- Directed by: Taiwo Egunjobi
- Produced by: Emiola Fagbenle
- Starring: Tayo Faniran, Jimmy Jean-Louis, Ini Dima-Okojie, Olarotimi Fakunle, William Benson
- Production company: Nemsia Studios
- Distributed by: Amazon Prime Video
- Release date: 3 June 2025;
- Languages: English, Yoruba, French

= The Fire and the Moth =

The Fire and the Moth is a 2025 Nigerian film directed by Nigerian author Taiwo Egunjobi, written by Isaac Ayodeji, and produced by Emiola Fagbenle. It was produced by Nemsia Studios, co‑produced with Sable Productions, and distributed internationally via Amazon Prime Video, debuting on 3 June 2025.

== Plot ==
The story follows Saba, a small-time smuggler in a remote community in western Nigeria, who is tasked with moving a stolen Ife bronze head across the border. The job unravels when a corrupt police officer, Opa Stephens, kills the thieves involved in the heist and turns on Saba, forcing him to flee.

Saba hides out in the derelict home of two mysterious sisters. A ruthless enforcer known only as the Contractor, dispatched by European art collector Francois, hunts him down. A determined customs officer, Teriba Bello, emerges as another force pursuing the artifact. With danger at every turn, Saba must navigate betrayal, violence, and moral compromise to survive and free himself from the consequences of trafficking sacred art.

== Cast ==
Leads

- Tayo Faniran as Saba
- Jimmy Jean‑Louis as Contractor
- Olarotimi Fakunle as Opa Stephens
- Ini Dima‑Okojie as Abike
- William Benson as Teriba Bello

Supporting

- Amanda Ugoh as Arike
- Kuchi Chris as Queen
- Olufemi Samuel Ademiluyi as Oga Ibrahim
- Dami Deremi as Akinloye
- Olatubosun Odunsi as Saba's father
- Keppy Ekpenyong Bassey as Alimi Tanko
- Ronya Man as Lisa Brennan
- Awoyomi Akorede Yemi, Adedeji Busayo Michael, Abayomi Agboade, Israel Joshua, and Martin Nwachukwu appear in additional roles.

== Production ==
The film was produced by Nemsia Studios in collaboration with Sable Productions.
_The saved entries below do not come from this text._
lemma reachable_avoiding_pendant:
  fixes V :: "'b set" and E :: "'b \<Rightarrow> 'b \<Rightarrow> bool" and l q :: 'b
  defines "R \<equiv> \<lambda>a b. a \<in> V \<and> b \<in> V \<and> E a b" and "R' \<equiv> \<lambda>a b. a \<in> V - {l} \<and> b \<in> V - {l} \<and> E a b"
  assumes sg: "simple_graph V E" and l: "l \<in> V" "\<forall>y\<in>V. E l y \<longrightarrow> y = q"
    and path: "R\<^sup>*\<^sup>* x y" and x: "x \<in> V - {l}"
  shows "R'\<^sup>*\<^sup>* x (if y = l then q else y)"
  using path
proof (induction rule: rtranclp_induct)
  case base
  then show ?case using x by simp
next
  case (step y z)
  have yz: "y \<in> V" "z \<in> V" "E y z" using step.hyps(2) by (simp_all add: R_def)
  have sym: "E z y" and irrefl: "y \<noteq> z" using sg yz by (auto simp: simple_graph_def)
  show ?case
  proof (cases "y = l")
    case True
    then have "z = q" using yz l(2) by blast
    then show ?thesis using step.IH True irrefl by simp
  next
    case False
    show ?thesis
    proof (cases "z = l")
      case True
      then have "y = q" using sym yz l(2) by blast
      then show ?thesis using step.IH False True by simp
    next
      case z_ne: False
      have "R' y z" using yz False z_ne by (simp add: R'_def)
      then show ?thesis using step.IH False z_ne by (simp add: rtranclp.rtrancl_into_rtrancl)
    qed
  qed
qed

lemma tree_remove_pendant:
  assumes tree: "is_tree V E" and l: "l \<in> V" "\<forall>y\<in>V. E l y \<longrightarrow> y = q" and nontrivial: "V \<noteq> {l}"
  shows "is_tree (V - {l}) E"
proof -
  have sg: "simple_graph V E" using tree by (simp add: is_tree_def)
  have "connected_graph (V - {l}) E" unfolding connected_graph_def
  proof (intro ballI)
    fix x y assume xy: "x \<in> V - {l}" "y \<in> V - {l}"
    then have reach: "(\<lambda>a b. a \<in> V \<and> b \<in> V \<and> E a b)\<^sup>*\<^sup>* x y"
      using tree by (auto simp: is_tree_def connected_graph_def)
    show "(\<lambda>a b. a \<in> V - {l} \<and> b \<in> V - {l} \<and> E a b)\<^sup>*\<^sup>* x y"
      using reachable_avoiding_pendant[OF sg l reach xy(1)] xy(2) by simp
  qed
  moreover have "\<not> (\<exists>cs. is_cycle (V - {l}) E cs)"
    using tree by (auto simp: is_tree_def is_cycle_def)
  moreover have "simple_graph (V - {l}) E" using sg by (simp add: simple_graph_def)
  moreover have "V - {l} \<noteq> {}" using nontrivial l by auto
  ultimately show ?thesis by (simp add: is_tree_def)
qed

section \<open>Nested interval layouts of trees\<close>

definition interval_encloses :: "('b \<Rightarrow> real) \<Rightarrow> ('b \<Rightarrow> real) \<Rightarrow> 'b \<Rightarrow> 'b \<Rightarrow> bool" where
  "interval_encloses lo hi s t \<longleftrightarrow> lo s < lo t \<and> hi t < hi s"

definition deeper :: "'b set \<Rightarrow> ('b \<Rightarrow> 'b \<Rightarrow> bool) \<Rightarrow> ('b \<Rightarrow> nat) \<Rightarrow> 'b \<Rightarrow> 'b \<Rightarrow> bool" where
  "deeper T E dep s t \<longleftrightarrow> (E s t \<and> dep t = Suc (dep s)) \<or>
     (\<not> E s t \<and> dep s + 2 \<le> dep t \<and> (\<exists>c\<in>T. E s c \<and> dep c = Suc (dep s)))"

definition layout_compatible :: "'b set \<Rightarrow> ('b \<Rightarrow> 'b \<Rightarrow> bool) \<Rightarrow> ('b \<Rightarrow> nat) \<Rightarrow>
    ('b \<Rightarrow> real) \<Rightarrow> ('b \<Rightarrow> real) \<Rightarrow> 'b \<Rightarrow> 'b \<Rightarrow> bool" where
  "layout_compatible T E dep lo hi s t \<longleftrightarrow> (\<not> E s t \<and> (hi s < lo t \<or> hi t < lo s)) \<or>
     (interval_encloses lo hi s t \<and> deeper T E dep s t) \<or>
     (interval_encloses lo hi t s \<and> deeper T E dep t s)"

definition tree_layout :: "'b set \<Rightarrow> ('b \<Rightarrow> 'b \<Rightarrow> bool) \<Rightarrow> 'b \<Rightarrow> ('b \<Rightarrow> nat) \<Rightarrow>
    ('b \<Rightarrow> real) \<Rightarrow> ('b \<Rightarrow> real) \<Rightarrow> bool" where
  "tree_layout T E r dep lo hi \<longleftrightarrow> dep r = 0 \<and> (\<forall>t\<in>T. 0 < lo t \<and> lo t < hi t \<and> hi t < 1) \<and>
     (\<forall>t\<in>T. t \<noteq> r \<longrightarrow> (\<exists>s\<in>T. E t s \<and> dep t = Suc (dep s))) \<and>
     (\<forall>s\<in>T. \<forall>t\<in>T. s \<noteq> t \<longrightarrow> layout_compatible T E dep lo hi s t)"

lemma layout_compatible_sym:
  "(E s t \<longleftrightarrow> E t s) \<Longrightarrow> layout_compatible T E dep lo hi s t \<Longrightarrow> layout_compatible T E dep lo hi t s"
  unfolding layout_compatible_def by blast

lemma deeper_mono:
  assumes "deeper T E dep s t" "T \<subseteq> T'" "s \<in> T" "t \<in> T" "\<forall>x\<in>T. dep' x = dep x"
  shows "deeper T' E dep' s t"
proof -
  have "dep' s = dep s" "dep' t = dep t" using assms(3-5) by auto
  moreover have "\<exists>c\<in>T'. E s c \<and> dep' c = Suc (dep s)" if "\<exists>c\<in>T. E s c \<and> dep c = Suc (dep s)"
    using that assms(2,5) by fastforce
  ultimately show ?thesis using assms(1) unfolding deeper_def by auto
qed

lemma layout_compatible_mono:
  assumes "layout_compatible T E dep lo hi s t" "T \<subseteq> T'" "s \<in> T" "t \<in> T"
    "\<forall>x\<in>T. dep' x = dep x \<and> lo' x = lo x \<and> hi' x = hi x"
  shows "layout_compatible T' E dep' lo' hi' s t"
proof -
  have "dep' x = dep x" "lo' x = lo x" "hi' x = hi x" if "x \<in> {s, t}" for x
    using that assms(3-5) by auto
  then have eq: "interval_encloses lo' hi' s t = interval_encloses lo hi s t"
    "interval_encloses lo' hi' t s = interval_encloses lo hi t s"
    "(hi' s < lo' t) = (hi s < lo t)" "(hi' t < lo' s) = (hi t < lo s)"
    by (simp_all add: interval_encloses_def)
  have "deeper T E dep s t \<Longrightarrow> deeper T' E dep' s t" "deeper T E dep t s \<Longrightarrow> deeper T' E dep' t s"
    using deeper_mono[OF _ assms(2)] assms(3-5) by blast+
  then show ?thesis using assms(1) unfolding layout_compatible_def eq by blast
qed

lemma exists_gap_above:
  fixes x y :: real
  assumes "finite X" "x < y"
  shows "\<exists>\<delta>>0. 3 * \<delta> \<le> y - x \<and> (\<forall>z\<in>X. x < z \<longrightarrow> 3 * \<delta> \<le> z - x)"
proof -
  define S where "S = insert (y - x) ((\<lambda>z. z - x) ` {z\<in>X. x < z})"
  have "finite S" "S \<noteq> {}" "\<forall>s\<in>S. 0 < s" using assms by (auto simp: S_def)
  then have "0 < Min S / 3" by simp
  moreover have "Min S \<le> s" if "s \<in> S" for s using \<open>finite S\<close> that by simp
  ultimately show ?thesis by (intro exI[of _ "Min S / 3"]) (auto simp: S_def)
qed

context
  fixes T :: "'b set" and E :: "'b \<Rightarrow> 'b \<Rightarrow> bool" and r l q :: 'b
    and dep :: "'b \<Rightarrow> nat" and lo hi :: "'b \<Rightarrow> real" and \<delta> :: real
  assumes layout: "tree_layout T E r dep lo hi" and r: "r \<in> T" and q: "q \<in> T" and l: "l \<notin> T"
    and leaf_adj: "\<And>t. t \<in> insert l T \<Longrightarrow> E l t \<longleftrightarrow> t = q"
    and leaf_adj': "\<And>t. t \<in> insert l T \<Longrightarrow> E t l \<longleftrightarrow> t = q"
    and \<delta>: "0 < \<delta>" "3 * \<delta> \<le> hi q - lo q" "\<And>s. s \<in> T \<Longrightarrow> lo q < lo s \<Longrightarrow> 3 * \<delta> \<le> lo s - lo q"
begin

text \<open>The new leaf gets an interval at the bottom of its neighbour's interval, below every
  interval starting inside it.\<close>
abbreviation "dep_ext \<equiv> dep(l := Suc (dep q))"
abbreviation "lo_ext \<equiv> lo(l := lo q + \<delta>)"
abbreviation "hi_ext \<equiv> hi(l := lo q + 2 * \<delta>)"

lemma deeper_new_leaf:
  assumes t: "t \<in> T" "t \<noteq> q" and deeper: "deeper T E dep t q"
  shows "deeper (insert l T) E dep_ext t l"
proof -
  have ext: "dep_ext t = dep t" using t l by auto
  have "dep t + 1 \<le> dep q" using deeper unfolding deeper_def by auto
  moreover have "\<exists>c\<in>insert l T. E t c \<and> dep_ext c = Suc (dep_ext t)"
  proof (cases "E t q \<and> dep q = Suc (dep t)")
    case True
    then show ?thesis using q l ext by (intro bexI[of _ q]) auto
  next
    case False
    then obtain c where "c \<in> T" "E t c" "dep c = Suc (dep t)"
      using deeper unfolding deeper_def by blast
    then show ?thesis using l ext by (intro bexI[of _ c]) auto
  qed
  moreover have "\<not> E t l" using leaf_adj' t by blast
  ultimately show ?thesis unfolding deeper_def using ext by auto
qed

lemma layout_compatible_with_new_leaf:
  assumes t: "t \<in> T"
  shows "layout_compatible (insert l T) E dep_ext lo_ext hi_ext t l"
proof (cases "t = q")
  case True
  have "interval_encloses lo_ext hi_ext q l" using q l \<delta> by (auto simp: interval_encloses_def)
  moreover have "deeper (insert l T) E dep_ext q l" using leaf_adj' q l by (auto simp: deeper_def)
  ultimately show ?thesis using True unfolding layout_compatible_def by blast
next
  case t_ne_q: False
  have not_adj: "\<not> E t l" using leaf_adj' t t_ne_q by blast
  have ext: "lo_ext t = lo t" "hi_ext t = hi t" using t l by auto
  have "layout_compatible T E dep lo hi t q" using layout t q t_ne_q by (simp add: tree_layout_def)
  then consider (disjoint) "hi t < lo q \<or> hi q < lo t"
    | (above) "interval_encloses lo hi t q" "deeper T E dep t q"
    | (below) "interval_encloses lo hi q t"
    unfolding layout_compatible_def by blast
  then show ?thesis
  proof cases
    case disjoint
    have "lo q < hi q" using layout q by (simp add: tree_layout_def)
    then have "hi t < lo q \<or> lo q < lo t" using disjoint by linarith
    then have "hi_ext t < lo_ext l \<or> hi_ext l < lo_ext t" using ext \<delta>(1) \<delta>(3)[OF t] by auto
    then show ?thesis using not_adj unfolding layout_compatible_def by blast
  next
    case above
    then have "interval_encloses lo_ext hi_ext t l" using ext \<delta> unfolding interval_encloses_def by simp
    then show ?thesis
      using deeper_new_leaf[OF t t_ne_q above(2)] unfolding layout_compatible_def by blast
  next
    case below
    then have "hi_ext l < lo_ext t" using ext \<delta>(1) \<delta>(3)[OF t] by (auto simp: interval_encloses_def)
    then show ?thesis using not_adj unfolding layout_compatible_def by blast
  qed
qed

lemma layout_compatible_add_leaf:
  assumes st: "s \<in> insert l T" "t \<in> insert l T" "s \<noteq> t"
  shows "layout_compatible (insert l T) E dep_ext lo_ext hi_ext s t"
proof (cases "t = l")
  case True
  then show ?thesis using st layout_compatible_with_new_leaf by simp
next
  case t_ne_l: False
  show ?thesis
  proof (cases "s = l")
    case True
    have "E t s \<longleftrightarrow> E s t" using True leaf_adj leaf_adj' st by simp
    moreover have "layout_compatible (insert l T) E dep_ext lo_ext hi_ext t s"
      using layout_compatible_with_new_leaf True st(2) t_ne_l by simp
    ultimately show ?thesis by (rule layout_compatible_sym)
  next
    case False
    then have "s \<in> T" "t \<in> T" using st t_ne_l by auto
    moreover have "\<forall>x\<in>T. dep_ext x = dep x \<and> lo_ext x = lo x \<and> hi_ext x = hi x" using l by auto
    moreover have "layout_compatible T E dep lo hi s t"
      using layout st(3) \<open>s \<in> T\<close> \<open>t \<in> T\<close> by (simp add: tree_layout_def)
    ultimately show ?thesis using layout_compatible_mono[of T E dep lo hi s t "insert l T"] by blast
  qed
qed

lemma tree_layout_add_leaf: "tree_layout (insert l T) E r dep_ext lo_ext hi_ext"
proof -
  have "0 < lo_ext t \<and> lo_ext t < hi_ext t \<and> hi_ext t < 1" if t: "t \<in> insert l T" for t
  proof -
    have "0 < lo q" "hi q < 1" using layout q by (auto simp: tree_layout_def)
    then show ?thesis using t layout \<delta>(1,2) by (cases "t = l") (auto simp: tree_layout_def)
  qed
  moreover have "\<exists>s\<in>insert l T. E t s \<and> dep_ext t = Suc (dep_ext s)"
    if t: "t \<in> insert l T" "t \<noteq> r" for t
  proof (cases "t = l")
    case True
    then show ?thesis using leaf_adj q l by (intro bexI[of _ q]) auto
  next
    case False
    then obtain s where "s \<in> T" "E t s" "dep t = Suc (dep s)"
      using layout t by (auto simp: tree_layout_def)
    then show ?thesis using False l by (intro bexI[of _ s]) auto
  qed
  moreover have "dep_ext r = 0" using layout r l by (auto simp: tree_layout_def)
  ultimately show ?thesis unfolding tree_layout_def using layout_compatible_add_leaf by blast
qed

end

lemma tree_layout_insert_leaf:
  assumes layout: "tree_layout T E r dep lo hi" and "finite T" "r \<in> T" "q \<in> T" "l \<notin> T"
    and "\<And>t. t \<in> insert l T \<Longrightarrow> E l t \<longleftrightarrow> t = q" "\<And>t. t \<in> insert l T \<Longrightarrow> E t l \<longleftrightarrow> t = q"
  shows "\<exists>dep lo hi. tree_layout (insert l T) E r dep lo hi"
proof -
  have "lo q < hi q" using layout \<open>q \<in> T\<close> by (simp add: tree_layout_def)
  then have "\<exists>\<delta>>0. 3 * \<delta> \<le> hi q - lo q \<and> (\<forall>s\<in>T. lo q < lo s \<longrightarrow> 3 * \<delta> \<le> lo s - lo q)"
    using exists_gap_above[of "lo ` T"] \<open>finite T\<close> by simp
  then obtain \<delta> where "0 < \<delta>" "3 * \<delta> \<le> hi q - lo q"
    "\<forall>s\<in>T. lo q < lo s \<longrightarrow> 3 * \<delta> \<le> lo s - lo q"
    by blast
  then have "tree_layout (insert l T) E r
      (dep(l := Suc (dep q))) (lo(l := lo q + \<delta>)) (hi(l := lo q + 2 * \<delta>))"
    using assms by (intro tree_layout_add_leaf) auto
  then show ?thesis by blast
qed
Nemsia Studios is known for works such as Before 30 (2015), Banana Island Ghost (2017), God Calling (2018), Breath of Life (2023), and Suky (2025).

== Release and Reception ==
The Fire and the Moth premiered in festival programming during 2025 and was part of NollywoodWeek/NOW Film Festival programming. The film received a 7/10 rating.